lemma Arctan_csqrt_div_csqrt_unique:
  fixes f f' :: "complex \<Rightarrow> complex"
  assumes deriv: "\<And>x. x \<in> ball 1 1 \<Longrightarrow> (f has_field_derivative f' x) (at x)"
    and ode: "\<And>x. x \<in> ball 1 1 \<Longrightarrow> 2 * x * f' x + f x = 1 / (1 + x)"
    and init: "f 1 = pi / 4"
    and z: "z \<in> ball 1 1"
  shows "f z = Arctan (csqrt z) / csqrt z"
proof -
  have Re_pos: "0 < Re x" if "x \<in> ball 1 1" for x
    using that abs_Re_le_cmod[of "1 - x"] by (simp add: dist_norm)
  define h where "h x = csqrt x * f x - Arctan (csqrt x)" for x
  have "(h has_field_derivative 0) (at x within ball 1 1)" if x: "x \<in> ball 1 1" for x
  proof -
    define w where "w = csqrt x"
    have "0 < Re w"
      unfolding w_def using Re_pos[OF x] by (rule Re_csqrt_pos)
    then have "w \<noteq> 0" and x_eq: "x = w\<^sup>2"
      by (auto simp: w_def)
    have "1 + x \<noteq> 0"
      using Re_pos[OF x] by (auto simp: complex_eq_iff)
    have "x \<notin> \<real>\<^sub>\<le>\<^sub>0"
      using Re_pos[OF x] by (auto elim: nonpos_Reals_cases)
    then have "(h has_field_derivative
        inverse (2 * w) * f x + f' x * w - inverse (1 + w\<^sup>2) * inverse (2 * w)) (at x)"
      unfolding h_def w_def
      by (intro DERIV_diff DERIV_mult deriv[OF x] has_field_derivative_csqrt
          DERIV_chain2[OF has_field_derivative_Arctan]) (use \<open>0 < Re w\<close> in \<open>auto simp: w_def\<close>)
    also have "inverse (2 * w) * f x + f' x * w - inverse (1 + w\<^sup>2) * inverse (2 * w)
        = inverse (2 * w) * (2 * x * f' x + f x - 1 / (1 + x))"
    proof -
      have "inverse (2 * w) * (2 * x * f' x) = f' x * w"
        using \<open>w \<noteq> 0\<close> unfolding x_eq by (simp add: field_simps power2_eq_square)
      then show ?thesis
        by (simp add: distrib_left right_diff_distrib x_eq inverse_eq_divide) (simp add: algebra_simps)
    qed
    also have "\<dots> = 0"
      by (simp add: ode[OF x])
    finally show ?thesis
      by (rule has_field_derivative_at_within)
  qed
  then obtain c where c: "\<forall>x\<in>ball 1 1. h x = c"
    using has_field_derivative_zero_constant[OF convex_ball] by blast
  have "Arctan 1 = pi / 4"
    using Arctan_of_real[of 1] by (simp add: arctan_one)
  then have "h 1 = 0"
    by (simp add: h_def init)
  moreover have "h z = h 1"
    using c z by simp
  ultimately have "csqrt z * f z = Arctan (csqrt z)"
    by (simp add: h_def)
  moreover have "csqrt z \<noteq> 0"
    using Re_csqrt_pos[OF Re_pos[OF z]] by auto
  ultimately show ?thesis
    by (simp add: field_simps)
qed

lemma sums_Arctan_csqrt_div_csqrt:
  fixes a :: "nat \<Rightarrow> complex"
  assumes rec: "\<And>n. 2 * of_nat (Suc n) * a (Suc n) + (2 * of_nat n + 1) * a n = (-1) ^ n / 2 ^ Suc n"
    and a0: "a 0 = pi / 4"
    and z: "norm (z - 1) < 1"
  shows "(\<lambda>n. a n * (z - 1) ^ n) sums (Arctan (csqrt z) / csqrt z)"
proof -
  define F where "F u = (\<Sum>n. a n * u ^ n)" for u
  define F' where "F' u = (\<Sum>n. diffs a n * u ^ n)" for u
  have "norm (a n) \<le> 1" for n
    using rec by (rule norm_le_one_if_arctan_sqrt_rec) (use pi_less_4 in \<open>simp add: a0 norm_divide\<close>)
  then have summable: "summable (\<lambda>n. a n * u ^ n)" if "norm u < 1" for u
    using that by (rule summable_powser_norm_le_one)
  have "F (z - 1) = Arctan (csqrt z) / csqrt z"
  proof (rule Arctan_csqrt_div_csqrt_unique[where f' = "\<lambda>x. F' (x - 1)"])
    fix x :: complex
    assume "x \<in> ball 1 1"
    then have x: "norm (x - 1) < 1"
      by (simp add: dist_norm norm_minus_commute)
    have "(F has_field_derivative F' (x - 1)) (at (x - 1))"
      unfolding F_def[abs_def] F'_def using x by (intro termdiffs_strong'[of 1]) (auto simp: summable)
    moreover have "((\<lambda>x. x - 1) has_field_derivative 1) (at x)"
      by (auto intro!: derivative_eq_intros)
    ultimately show "((\<lambda>x. F (x - 1)) has_field_derivative F' (x - 1)) (at x)"
      using DERIV_chain2 by fastforce
    have "2 * (1 + (x - 1)) * F' (x - 1) + F (x - 1) = 1 / (2 + (x - 1))"
      unfolding F_def F'_def
      by (rule powser_arctan_sqrt_ode[OF rec summable[OF x] termdiff_converges[OF x] x])
         (use summable in auto)
    then show "2 * x * F' (x - 1) + F (x - 1) = 1 / (1 + x)"
      by (simp add: add.commute)
  next
    have "F 0 = a 0"
      unfolding F_def by (rule powser_zero)
    then show "F (1 - 1) = pi / 4"
      by (simp add: a0)
  qed (use z in \<open>simp add: dist_norm norm_minus_commute\<close>)
  moreover have "(\<lambda>n. a n * (z - 1) ^ n) sums F (z - 1)"
    unfolding F_def using summable[OF z] by (rule summable_sums)
  ultimately show ?thesis
    by simp
qed

theorem theorem3p2:
  fixes z :: complex
  assumes "cmod (z - 1) < 1"
  shows "(\<lambda>n. complex_of_real
            ((-1) ^ n / 2 ^ n *
              (real (oddfact n) * (pi / 4)
               + fact n / 2 ^ n *
                 (\<Sum>k = 1..n. (-1) ^ k * real ((2 * n - k) choose n)
                     * (2 powr (real k / 2)) / real k * sin (3 * real k * pi / 4))))
           * (z - 1) ^ n / fact n)
         sums (Arctan (csqrt z) / csqrt z)"
proof -
  have "(\<lambda>n. complex_of_real (arctan_sqrt_coeff n) * (z - 1) ^ n) sums (Arctan (csqrt z) / csqrt z)"
  proof (rule sums_Arctan_csqrt_div_csqrt)
    show "2 * of_nat (Suc n) * complex_of_real (arctan_sqrt_coeff (Suc n))
        + (2 * of_nat n + 1) * complex_of_real (arctan_sqrt_coeff n) = (-1) ^ n / 2 ^ Suc n" for n
      using arg_cong[OF arctan_sqrt_coeff_rec[of n], of complex_of_real] by simp
  qed (use assms in \<open>simp_all add: arctan_sqrt_coeff_def\<close>)
  then show ?thesis
    by (simp add: arctan_sqrt_coeff_def of_real_divide)
qed

end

Work instruction: Read the entries and show each line that mentions "noteq".

Solution for this task:
    then have "w \<noteq> 0" and x_eq: "x = w\<^sup>2"
    have "1 + x \<noteq> 0"
        using \<open>w \<noteq> 0\<close> unfolding x_eq by (simp add: field_simps power2_eq_square)
  moreover have "csqrt z \<noteq> 0"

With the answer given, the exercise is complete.